Data to use:
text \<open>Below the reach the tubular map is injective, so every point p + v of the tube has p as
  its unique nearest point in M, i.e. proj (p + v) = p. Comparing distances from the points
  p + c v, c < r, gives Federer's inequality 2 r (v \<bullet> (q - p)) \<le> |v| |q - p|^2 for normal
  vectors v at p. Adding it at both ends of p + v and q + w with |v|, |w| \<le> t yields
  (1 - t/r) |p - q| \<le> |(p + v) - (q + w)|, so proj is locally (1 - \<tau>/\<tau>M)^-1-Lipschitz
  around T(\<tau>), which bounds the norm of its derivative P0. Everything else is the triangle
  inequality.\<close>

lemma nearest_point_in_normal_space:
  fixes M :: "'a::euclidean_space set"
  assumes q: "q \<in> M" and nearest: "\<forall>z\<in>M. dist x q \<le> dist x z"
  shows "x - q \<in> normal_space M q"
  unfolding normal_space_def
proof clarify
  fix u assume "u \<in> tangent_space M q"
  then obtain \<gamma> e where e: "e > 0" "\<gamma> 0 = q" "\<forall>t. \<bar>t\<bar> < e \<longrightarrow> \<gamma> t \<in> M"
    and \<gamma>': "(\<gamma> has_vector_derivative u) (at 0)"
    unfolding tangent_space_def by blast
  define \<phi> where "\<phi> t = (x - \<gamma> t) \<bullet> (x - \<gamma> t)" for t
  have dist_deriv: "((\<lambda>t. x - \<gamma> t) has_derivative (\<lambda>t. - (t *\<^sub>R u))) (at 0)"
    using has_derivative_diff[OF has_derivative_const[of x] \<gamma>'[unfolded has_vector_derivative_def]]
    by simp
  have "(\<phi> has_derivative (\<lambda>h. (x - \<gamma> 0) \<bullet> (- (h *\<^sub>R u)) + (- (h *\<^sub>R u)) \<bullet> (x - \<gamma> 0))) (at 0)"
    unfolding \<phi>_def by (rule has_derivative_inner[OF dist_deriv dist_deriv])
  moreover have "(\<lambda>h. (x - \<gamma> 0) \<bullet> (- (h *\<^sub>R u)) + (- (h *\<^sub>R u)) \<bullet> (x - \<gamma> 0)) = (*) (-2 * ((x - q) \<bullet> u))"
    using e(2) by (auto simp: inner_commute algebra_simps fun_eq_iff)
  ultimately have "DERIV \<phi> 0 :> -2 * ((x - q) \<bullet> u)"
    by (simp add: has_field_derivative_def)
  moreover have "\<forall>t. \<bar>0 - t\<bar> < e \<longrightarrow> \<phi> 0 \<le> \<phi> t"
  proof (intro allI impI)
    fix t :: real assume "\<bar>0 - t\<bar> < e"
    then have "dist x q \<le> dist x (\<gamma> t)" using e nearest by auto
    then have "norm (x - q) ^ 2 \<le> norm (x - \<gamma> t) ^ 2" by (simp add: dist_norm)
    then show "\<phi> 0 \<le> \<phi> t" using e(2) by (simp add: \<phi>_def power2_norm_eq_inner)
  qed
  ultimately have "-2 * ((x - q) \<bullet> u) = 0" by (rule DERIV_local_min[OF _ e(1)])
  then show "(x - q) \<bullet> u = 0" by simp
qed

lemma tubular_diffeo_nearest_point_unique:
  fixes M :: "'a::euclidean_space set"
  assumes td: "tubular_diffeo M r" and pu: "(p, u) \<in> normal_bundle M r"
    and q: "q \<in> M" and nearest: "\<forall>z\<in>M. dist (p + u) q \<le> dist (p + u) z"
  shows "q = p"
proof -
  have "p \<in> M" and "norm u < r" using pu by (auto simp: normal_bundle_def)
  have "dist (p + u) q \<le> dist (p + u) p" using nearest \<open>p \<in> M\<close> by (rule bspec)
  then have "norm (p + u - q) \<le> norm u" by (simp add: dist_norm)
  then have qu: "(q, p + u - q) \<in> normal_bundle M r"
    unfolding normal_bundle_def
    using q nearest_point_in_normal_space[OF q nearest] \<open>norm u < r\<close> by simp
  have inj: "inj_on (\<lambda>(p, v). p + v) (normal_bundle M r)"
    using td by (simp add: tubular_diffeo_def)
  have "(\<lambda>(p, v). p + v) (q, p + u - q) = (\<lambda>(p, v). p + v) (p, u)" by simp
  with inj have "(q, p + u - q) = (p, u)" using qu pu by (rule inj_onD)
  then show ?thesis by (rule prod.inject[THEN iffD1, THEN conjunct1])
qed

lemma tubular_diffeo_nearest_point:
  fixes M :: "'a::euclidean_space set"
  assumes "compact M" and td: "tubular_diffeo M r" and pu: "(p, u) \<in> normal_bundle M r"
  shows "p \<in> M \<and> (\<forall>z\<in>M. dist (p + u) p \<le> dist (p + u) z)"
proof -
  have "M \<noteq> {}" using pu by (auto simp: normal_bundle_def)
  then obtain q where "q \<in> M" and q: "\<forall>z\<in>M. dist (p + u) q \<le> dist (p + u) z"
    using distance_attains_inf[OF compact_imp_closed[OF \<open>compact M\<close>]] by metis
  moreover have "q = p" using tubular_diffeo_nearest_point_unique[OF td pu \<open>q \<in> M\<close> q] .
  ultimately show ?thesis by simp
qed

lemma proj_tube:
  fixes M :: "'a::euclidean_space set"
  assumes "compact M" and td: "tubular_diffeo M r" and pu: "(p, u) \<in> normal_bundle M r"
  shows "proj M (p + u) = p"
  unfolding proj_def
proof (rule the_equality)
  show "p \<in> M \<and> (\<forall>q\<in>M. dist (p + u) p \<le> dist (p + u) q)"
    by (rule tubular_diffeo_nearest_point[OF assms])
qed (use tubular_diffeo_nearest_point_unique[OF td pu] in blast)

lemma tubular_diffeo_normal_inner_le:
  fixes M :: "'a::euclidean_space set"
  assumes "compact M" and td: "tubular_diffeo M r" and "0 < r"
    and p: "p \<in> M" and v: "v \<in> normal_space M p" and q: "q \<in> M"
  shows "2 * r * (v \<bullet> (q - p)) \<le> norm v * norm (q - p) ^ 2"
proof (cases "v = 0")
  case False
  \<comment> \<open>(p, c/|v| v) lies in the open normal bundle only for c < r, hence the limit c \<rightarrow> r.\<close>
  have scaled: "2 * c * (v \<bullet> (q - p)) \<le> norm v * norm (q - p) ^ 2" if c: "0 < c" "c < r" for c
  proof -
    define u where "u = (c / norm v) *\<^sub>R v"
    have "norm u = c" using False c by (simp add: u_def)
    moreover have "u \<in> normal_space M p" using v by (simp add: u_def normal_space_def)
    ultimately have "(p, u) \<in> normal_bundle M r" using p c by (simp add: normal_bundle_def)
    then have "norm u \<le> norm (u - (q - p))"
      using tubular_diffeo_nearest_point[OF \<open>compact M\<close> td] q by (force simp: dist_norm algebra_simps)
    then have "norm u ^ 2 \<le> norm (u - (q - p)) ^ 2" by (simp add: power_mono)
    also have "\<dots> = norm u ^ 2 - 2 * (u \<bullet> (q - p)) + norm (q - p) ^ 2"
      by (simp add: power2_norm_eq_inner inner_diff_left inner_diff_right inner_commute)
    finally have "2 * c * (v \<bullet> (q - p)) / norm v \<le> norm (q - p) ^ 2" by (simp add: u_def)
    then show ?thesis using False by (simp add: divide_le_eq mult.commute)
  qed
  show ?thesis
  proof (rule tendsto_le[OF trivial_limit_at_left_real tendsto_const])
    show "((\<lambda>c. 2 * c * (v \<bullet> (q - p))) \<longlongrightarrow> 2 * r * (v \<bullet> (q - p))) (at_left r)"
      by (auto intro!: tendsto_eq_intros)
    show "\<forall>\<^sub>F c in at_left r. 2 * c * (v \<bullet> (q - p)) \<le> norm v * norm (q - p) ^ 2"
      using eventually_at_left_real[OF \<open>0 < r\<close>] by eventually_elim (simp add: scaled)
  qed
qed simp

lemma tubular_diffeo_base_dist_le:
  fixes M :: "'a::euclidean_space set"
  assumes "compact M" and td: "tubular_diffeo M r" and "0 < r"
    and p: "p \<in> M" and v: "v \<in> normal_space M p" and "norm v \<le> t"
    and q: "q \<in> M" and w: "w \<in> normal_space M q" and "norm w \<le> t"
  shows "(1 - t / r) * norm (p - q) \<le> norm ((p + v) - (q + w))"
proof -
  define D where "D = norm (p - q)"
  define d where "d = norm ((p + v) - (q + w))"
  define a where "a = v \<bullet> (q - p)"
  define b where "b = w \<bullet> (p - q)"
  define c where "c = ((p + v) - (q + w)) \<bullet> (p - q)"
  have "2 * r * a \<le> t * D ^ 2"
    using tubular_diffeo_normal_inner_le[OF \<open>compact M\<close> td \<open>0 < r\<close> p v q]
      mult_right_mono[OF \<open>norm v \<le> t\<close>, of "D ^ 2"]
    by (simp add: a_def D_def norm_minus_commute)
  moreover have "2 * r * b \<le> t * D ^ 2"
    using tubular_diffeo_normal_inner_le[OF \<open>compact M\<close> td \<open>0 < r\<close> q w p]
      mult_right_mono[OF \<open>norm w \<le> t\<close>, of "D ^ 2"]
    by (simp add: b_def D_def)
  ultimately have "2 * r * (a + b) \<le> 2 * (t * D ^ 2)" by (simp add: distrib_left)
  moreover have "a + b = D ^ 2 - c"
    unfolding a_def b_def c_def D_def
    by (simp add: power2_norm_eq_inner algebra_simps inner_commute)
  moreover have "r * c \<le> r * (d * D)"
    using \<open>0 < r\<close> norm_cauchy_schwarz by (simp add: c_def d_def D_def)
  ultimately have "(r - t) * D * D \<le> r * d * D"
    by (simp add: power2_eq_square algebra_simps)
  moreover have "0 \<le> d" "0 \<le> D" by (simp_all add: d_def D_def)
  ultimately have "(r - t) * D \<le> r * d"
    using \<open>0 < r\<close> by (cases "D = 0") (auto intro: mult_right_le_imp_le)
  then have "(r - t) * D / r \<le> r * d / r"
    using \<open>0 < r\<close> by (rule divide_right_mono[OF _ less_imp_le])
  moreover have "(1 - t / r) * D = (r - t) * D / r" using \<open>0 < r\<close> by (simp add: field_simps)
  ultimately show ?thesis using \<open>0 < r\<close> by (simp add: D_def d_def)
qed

Task statement: Take the listing above from its first line through the line containing "vectors v at", and transcribe that stretch exactly, with no other lines.

Result of the exercise:
text \<open>Below the reach the tubular map is injective, so every point p + v of the tube has p as
  its unique nearest point in M, i.e. proj (p + v) = p. Comparing distances from the points
  p + c v, c < r, gives Federer's inequality 2 r (v \<bullet> (q - p)) \<le> |v| |q - p|^2 for normal
  vectors v at p. Adding it at both ends of p + v and q + w with |v|, |w| \<le> t yields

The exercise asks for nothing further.